**Directions for this task**
Provide the number of lines below that include "ccontr", without any other words.

**Input data**

(* Let $n\in\mathbb N$ and let $S$ be a well ordered subsemigroup of the nonnegative part of $\mathbb R^n$ with the lexicographic order. Suppose that $S$ has ordinal type $\le\omega^h$ for some $h\in\mathbb N$. Then $S$ has ordinal type $\le\omega^n$.
   Context: $\omega$ denotes the ordinal type of $\mathbb N$. The lexicographic order on $\mathbb R^n$ compares first coordinates first. *)

theory Defs
  imports Complex_Main
begin

text \<open>Vectors of R^n are represented as real lists of length n.\<close>

definition lex_less :: "real list \<Rightarrow> real list \<Rightarrow> bool" where
  "lex_less x y \<longleftrightarrow> (x, y) \<in> lexord {(a, b). a < b}"

definition lex_le :: "real list \<Rightarrow> real list \<Rightarrow> bool" where
  "lex_le x y \<longleftrightarrow> x = y \<or> lex_less x y"

definition vec_add :: "real list \<Rightarrow> real list \<Rightarrow> real list" where
  "vec_add x y = map2 (+) x y"

definition lex_rel :: "real list set \<Rightarrow> real list rel" where
  "lex_rel S = {(x, y). x \<in> S \<and> y \<in> S \<and> lex_le x y}"

text \<open>A canonical well order of ordinal type omega^h: N^h ordered
  lexicographically (first coordinate most significant).\<close>
definition omega_pow :: "nat \<Rightarrow> nat list rel" where
  "omega_pow h = {(xs, ys). length xs = h \<and> length ys = h \<and>
      (xs = ys \<or> (xs, ys) \<in> lexord {(a, b). a < b})}"

end

theory Submission
  imports Defs
begin

(* For x in S and a coordinate j < n let  below_set S x j  be the set of
   values y!j < x!j taken by elements y of S that agree with x on the first j
   coordinates.  The map  x \<mapsto> (card (below_set S x j))_{j<n}  is strictly monotone from
   (S, lex) into N^n with the lexicographic order, i.e. into omega^n; since a strictly
   monotone map between well orders witnesses  \<le>o, the theorem follows once every
   below_set is finite.
   Finiteness: an infinite below_set yields elements y_k of S agreeing on the first j
   coordinates whose j-th coordinates form a monotone injective sequence below x!j.
   A decreasing sequence contradicts well-foundedness.  For an increasing one we pass
   to a subsequence whose distances d_k to the supremum decrease so fast that the
   sums  y_{p_1} + ... + y_{p_m}  (p_1 < ... < p_m) are ordered lexicographically in
   (p_1,...,p_m); this embeds omega^(h+1) into S, contradicting  S \<le>o omega^h  because
   omega^(h+1) does not embed into omega^h. *)


section \<open>Strictly monotone maps between well orders\<close>

definition strict_hom :: "'a rel \<Rightarrow> 'b rel \<Rightarrow> ('a \<Rightarrow> 'b) \<Rightarrow> bool" where
  "strict_hom r r' f \<longleftrightarrow> (\<forall>a b. (a, b) \<in> r - Id \<longrightarrow> (f a, f b) \<in> r' - Id)"

lemma strict_hom_not_below:
  assumes wf: "wf (r - Id)" and g: "strict_hom r r g"
  shows "(g a, a) \<notin> r - Id"
  using wf
proof (induction a rule: wf_induct_rule)
  case (less a)
  show ?case
  proof
    assume below: "(g a, a) \<in> r - Id"
    then have "(g (g a), g a) \<notin> r - Id" using less by blast
    moreover have "(g (g a), g a) \<in> r - Id" using g below unfolding strict_hom_def by blast
    ultimately show False by blast
  qed
qed

text \<open>A strictly monotone map from one well order into another witnesses \<open>\<le>o\<close>:
  otherwise r' embeds onto a proper initial segment of r, and composing gives a
  strictly monotone self-map of r moving some element down.\<close>
lemma strict_hom_ordLeq:
  assumes r: "Well_order r" and r': "Well_order r'"
    and into: "\<forall>a\<in>Field r. f a \<in> Field r'" and f: "strict_hom r r' f"
  shows "(r, r') \<in> ordLeq"
proof (rule ccontr)
  assume "(r, r') \<notin> ordLeq"
  then have "(r', r) \<in> ordLess" using ordLess_or_ordLeq[OF r' r] by blast
  then obtain g where "embedS r' r g" unfolding ordLess_def by blast
  then have e: "embed r' r g" and not_onto: "\<not> bij_betw g (Field r') (Field r)"
    unfolding embedS_def by auto
  have inj: "inj_on g (Field r')" using embed_inj_on[OF r' e] .
  have sub: "g ` Field r' \<subseteq> Field r" using embed_Field[OF e] .
  have segment: "ofilter r (g ` Field r')" using embed_Field_ofilter[OF r' r e] .
  obtain a where aF: "a \<in> Field r" and a_out: "a \<notin> g ` Field r'"
    using not_onto inj sub unfolding bij_betw_def by blast
  have gf: "strict_hom r r (g \<circ> f)"
    unfolding strict_hom_def
  proof (intro allI impI)
    fix x y assume "(x, y) \<in> r - Id"
    then have fxy: "(f x, f y) \<in> r' - Id" using f unfolding strict_hom_def by blast
    then have "f x \<in> Field r'" "f y \<in> Field r'" unfolding Field_def by auto
    then have "g (f x) \<noteq> g (f y)" using fxy inj unfolding inj_on_def by auto
    moreover have "(g (f x), g (f y)) \<in> r" using embed_compat[OF e] fxy unfolding compat_def by blast
    ultimately show "((g \<circ> f) x, (g \<circ> f) y) \<in> r - Id" by simp
  qed
  have ga_in: "g (f a) \<in> g ` Field r'" using into aF by blast
  have "(g (f a), a) \<in> r"
  proof (rule ccontr)
    assume "(g (f a), a) \<notin> r"
    then have "(a, g (f a)) \<in> r" using r aF sub ga_in a_out
      unfolding well_order_on_def linear_order_on_def total_on_def by (metis subsetD)
    then show False using segment ga_in a_out unfolding ofilter_def under_def by blast
  qed
  then have "((g \<circ> f) a, a) \<in> r - Id" using a_out ga_in by auto
  moreover have "wf (r - Id)" using r unfolding well_order_on_def by blast
  ultimately show False using strict_hom_not_below[OF _ gf] by blast
qed


section \<open>The well order \<open>\<omega>^h\<close>\<close>

lemma lexord_less_irrefl: "(xs, xs) \<notin> lexord {(a, b). a < (b::'a::order)}"
  by (rule lexord_irreflexive) auto

lemma lexord_less_trans:
  "(x, y) \<in> lexord {(a, b). a < (b::'a::order)} \<Longrightarrow> (y, z) \<in> lexord {(a, b). a < b}
   \<Longrightarrow> (x, z) \<in> lexord {(a, b). a < b}"
  by (rule lexord_trans) (auto simp: trans_def)

lemma Field_omega_pow: "Field (omega_pow n) = {xs. length xs = n}"
  unfolding omega_pow_def Field_def by auto

lemma omega_pow_strict:
  "(xs, ys) \<in> omega_pow n - Id \<longleftrightarrow>
     length xs = n \<and> length ys = n \<and> (xs, ys) \<in> lexord {(a, b). a < b}"
  unfolding omega_pow_def using lexord_less_irrefl by auto

text \<open>\<open>\<nat>^n\<close> under the lexicographic order is a well order: its strict part lies inside
  the well-founded relation \<open>lexn\<close>.\<close>
lemma omega_pow_wo: "Well_order (omega_pow n)"
proof -
  have wf: "wf (omega_pow n - Id)"
  proof (rule wf_subset[OF wf_lexn[OF wf_less]])
    show "omega_pow n - Id \<subseteq> lexn {(x, y::nat). x < y} n"
    proof
      fix p assume "p \<in> omega_pow n - Id"
      moreover obtain xs ys where p: "p = (xs, ys)" by (cases p)
      ultimately have l: "length xs = n" "length ys = n" and lo: "(xs, ys) \<in> lexord {(x, y::nat). x < y}"
        using omega_pow_strict[of xs ys n] by auto
      have "(xs, ys) \<in> lex {(x, y::nat). x < y}" by (simp only: lexord_lex l lo)
      then obtain k where k: "(xs, ys) \<in> lexn {(x, y::nat). x < y} k" unfolding lex_def by blast
      then show "p \<in> lexn {(x, y::nat). x < y} n" using lexn_length[OF k] l p by simp
    qed
  qed
  have "trans (omega_pow n)"
    by (rule transI) (auto simp: omega_pow_def dest: lexord_less_trans)
  moreover have "antisym (omega_pow n)"
    by (rule antisymI) (auto simp: omega_pow_def dest: lexord_less_trans simp: lexord_less_irrefl)
  moreover have "total_on (Field (omega_pow n)) (omega_pow n)"
  proof -
    have "\<forall>a b::nat. (a, b) \<in> {(x, y). x < y} \<or> a = b \<or> (b, a) \<in> {(x, y). x < y}" by auto
    from lexord_linear[OF this] show ?thesis
      unfolding total_on_def Field_omega_pow by (auto simp: omega_pow_def)
  qed
  moreover have "refl_on (Field (omega_pow n)) (omega_pow n)"
    unfolding refl_on_def Field_omega_pow by (auto simp: omega_pow_def)
  moreover have "omega_pow n \<subseteq> Field (omega_pow n) \<times> Field (omega_pow n)"
    by (auto intro: FieldI1 FieldI2)
  ultimately show ?thesis using wf
    unfolding well_order_on_def linear_order_on_def partial_order_on_def preorder_on_def
    by blast
qed

text \<open>\<open>\<omega>^(h+1) \<not>\<le> \<omega>^h\<close>: an embedding f would make \<open>js \<mapsto> 0 # f js\<close> a strictly
  monotone self-map of \<open>\<omega>^(h+1)\<close> sending \<open>[1, 0, ..., 0]\<close> below itself.\<close>
lemma omega_pow_Suc_not_ordLeq: "(omega_pow (Suc h), omega_pow h) \<notin> ordLeq"
proof
  assume "(omega_pow (Suc h), omega_pow h) \<in> ordLeq"
  then obtain f where e: "embed (omega_pow (Suc h)) (omega_pow h) f" unfolding ordLeq_def by blast
  have f_strict: "(f xs, f ys) \<in> omega_pow h - Id" if "(xs, ys) \<in> omega_pow (Suc h) - Id" for xs ys
  proof -
    have "xs \<in> Field (omega_pow (Suc h))" "ys \<in> Field (omega_pow (Suc h))" "xs \<noteq> ys"
      using that unfolding Field_def by auto
    then have "f xs \<noteq> f ys" using embed_inj_on[OF omega_pow_wo e] unfolding inj_on_def by blast
    moreover have "(f xs, f ys) \<in> omega_pow h" using that embed_compat[OF e] unfolding compat_def by blast
    ultimately show ?thesis by blast
  qed
  define g where "g xs = 0 # f xs" for xs
  have g: "strict_hom (omega_pow (Suc h)) (omega_pow (Suc h)) g"
    unfolding strict_hom_def g_def omega_pow_strict
    using f_strict[unfolded omega_pow_strict] by auto
  define a where "a = (1::nat) # replicate h 0"
  have "a \<in> Field (omega_pow (Suc h))" unfolding a_def Field_omega_pow by simp
  then have "f a \<in> Field (omega_pow h)" by (rule embed_in_Field[OF e])
  then have "(g a, a) \<in> omega_pow (Suc h) - Id"
    unfolding g_def a_def omega_pow_strict Field_omega_pow by simp
  moreover have "wf (omega_pow (Suc h) - Id)" using omega_pow_wo unfolding well_order_on_def by blast
  ultimately show False using strict_hom_not_below[OF _ g] by blast
qed


lemma lexord_take_nthI:
  "i < length x \<Longrightarrow> i < length y \<Longrightarrow> take i x = take i y \<Longrightarrow> (x ! i, y ! i) \<in> r
   \<Longrightarrow> (x, y) \<in> lexord r"
  by (auto simp: lexord_take_index_conv)

lemma lexord_take_nthD:
  "(x, y) \<in> lexord r \<Longrightarrow> length x = length y
   \<Longrightarrow> \<exists>i<length x. take i x = take i y \<and> (x ! i, y ! i) \<in> r"
  by (auto simp: lexord_take_index_conv)

lemma Field_lex_rel: "Field (lex_rel S) = S"
  unfolding Field_def lex_rel_def lex_le_def by auto

lemma lex_rel_strict: "(x, y) \<in> lex_rel S - Id \<longleftrightarrow> x \<in> S \<and> y \<in> S \<and> lex_less x y"
  unfolding lex_rel_def lex_le_def lex_less_def using lexord_less_irrefl by auto


section \<open>Sums along increasing index sequences\<close>

text \<open>A gap list \<open>[j\<^sub>1, ..., j\<^sub>m]\<close> with offset p encodes the strictly increasing
  positions \<open>p\<^sub>1 = p + j\<^sub>1\<close>, \<open>p\<^sub>(k+1) = p\<^sub>k + 1 + j\<^sub>(k+1)\<close>; gap lists of equal length compare
  lexicographically exactly as their position lists do.\<close>

fun vsum_at :: "(nat \<Rightarrow> real list) \<Rightarrow> nat \<Rightarrow> nat list \<Rightarrow> real list" where
  "vsum_at z p [] = []"
| "vsum_at z p [j] = z (p + j)"
| "vsum_at z p (j # k # js) = vec_add (z (p + j)) (vsum_at z (Suc (p + j)) (k # js))"

fun rsum_at :: "(nat \<Rightarrow> real) \<Rightarrow> nat \<Rightarrow> nat list \<Rightarrow> real" where
  "rsum_at d p [] = 0"
| "rsum_at d p (j # js) = d (p + j) + rsum_at d (Suc (p + j)) js"

lemma vsum_at_in:
  assumes "\<forall>k. z k \<in> S" and "\<forall>x\<in>S. \<forall>y\<in>S. vec_add x y \<in> S"
  shows "js \<noteq> [] \<Longrightarrow> vsum_at z p js \<in> S"
  using assms by (induction z p js rule: vsum_at.induct) auto

lemma vsum_at_nth:
  assumes "\<forall>k. length (z k) = n" and "i < n" and "\<forall>k. z k ! i = L - d k"
  shows "js \<noteq> [] \<Longrightarrow>
    length (vsum_at z p js) = n \<and> vsum_at z p js ! i = real (length js) * L - rsum_at d p js"
  using assms
  by (induction z p js rule: vsum_at.induct) (auto simp: vec_add_def algebra_simps)

lemma vsum_at_take:
  assumes "\<forall>k. take i (z k) = c"
  shows "js \<noteq> [] \<Longrightarrow> length js = length js' \<Longrightarrow> take i (vsum_at z p js) = take i (vsum_at z p' js')"
  using assms
proof (induction z p js arbitrary: p' js' rule: vsum_at.induct)
  case (2 z p j)
  then obtain j' where "js' = [j']" by (cases js') auto
  then show ?case using 2 by simp
next
  case (3 z p j k js)
  obtain j' k' js'' where js': "js' = j' # k' # js''"
    using 3(3) by (cases js'; cases "tl js'") auto
  have "take i (vsum_at z (Suc (p + j)) (k # js)) = take i (vsum_at z (Suc (p' + j')) (k' # js''))"
    using 3(1)[of "k' # js''" "Suc (p' + j')"] 3(3,4) js' by simp
  then show ?case using 3(4) js' by (simp add: vec_add_def take_map take_zip)
qed simp

lemma rsum_at_nonneg: "\<forall>k. d k > 0 \<Longrightarrow> rsum_at d p js \<ge> 0"
  by (induction js arbitrary: p) (auto simp: add_nonneg_nonneg less_imp_le)

lemma rsum_at_le: "\<forall>k\<ge>q. d k \<le> D \<Longrightarrow> q \<le> p \<Longrightarrow> rsum_at d p js \<le> real (length js) * D"
proof (induction js arbitrary: p)
  case (Cons j js)
  have "d (p + j) \<le> D" using Cons.prems by auto
  moreover have "rsum_at d (Suc (p + j)) js \<le> real (length js) * D" using Cons by auto
  ultimately show ?case by (simp add: algebra_simps)
qed simp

**Output of the task**
2